- **WHAT THIS TASK INVOLVES**
If a line in the entries contains the word "Longrightarrow", list it.

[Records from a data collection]
========

(* If $n\ge 1$ and $k\ge 2$ are integers, then the radius of the $k$-Pell graph $\Pi_{n,k}$ is $$\operatorname{rad}(\Pi_{n,k})=\left\lfloor \frac{kn}{2}\right\rfloor.$$
   Context: For an integer $k\ge 2$, a $k$-Pell string is a finite word over the alphabet $\{0,1,\ldots,k-1,kk\}$, i.e. a word over $\{0,1,\ldots,k\}$ in which every maximal run of the letter $k$ has even length. For $n\ge 0$, the $k$-Pell graph $\Pi_{n,k}$ has as vertices all $k$-Pell strings of length $n$, and two vertices are adjacent if one is obtained from the other either by replacing a single letter $i$ by $i+1$ (or vice versa) for some $i\in\{0,1,\ldots,k-2\}$, or by replacing one factor $(k-1)(k-1)$ by $kk$ (or vice versa), in such a way that the resulting string is again a $k$-Pell string. The radius is the minimum eccentricity of a vertex with respect to the shortest-path distance. *)

theory Defs
  imports Main
begin

text \<open>k-Pell strings: words over {0,...,k} (as nat lists) which factor into
  the tokens 0,1,...,k-1 and kk, i.e. every maximal run of k has even length.\<close>
inductive pell_string :: "nat \<Rightarrow> nat list \<Rightarrow> bool" for k :: nat where
  Nil: "pell_string k []"
| Small: "i < k \<Longrightarrow> pell_string k xs \<Longrightarrow> pell_string k (i # xs)"
| KK: "pell_string k xs \<Longrightarrow> pell_string k (k # k # xs)"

========

- **EXERCISE OUTPUT**
| Small: "i < k \<Longrightarrow> pell_string k xs \<Longrightarrow> pell_string k (i # xs)"
| KK: "pell_string k xs \<Longrightarrow> pell_string k (k # k # xs)"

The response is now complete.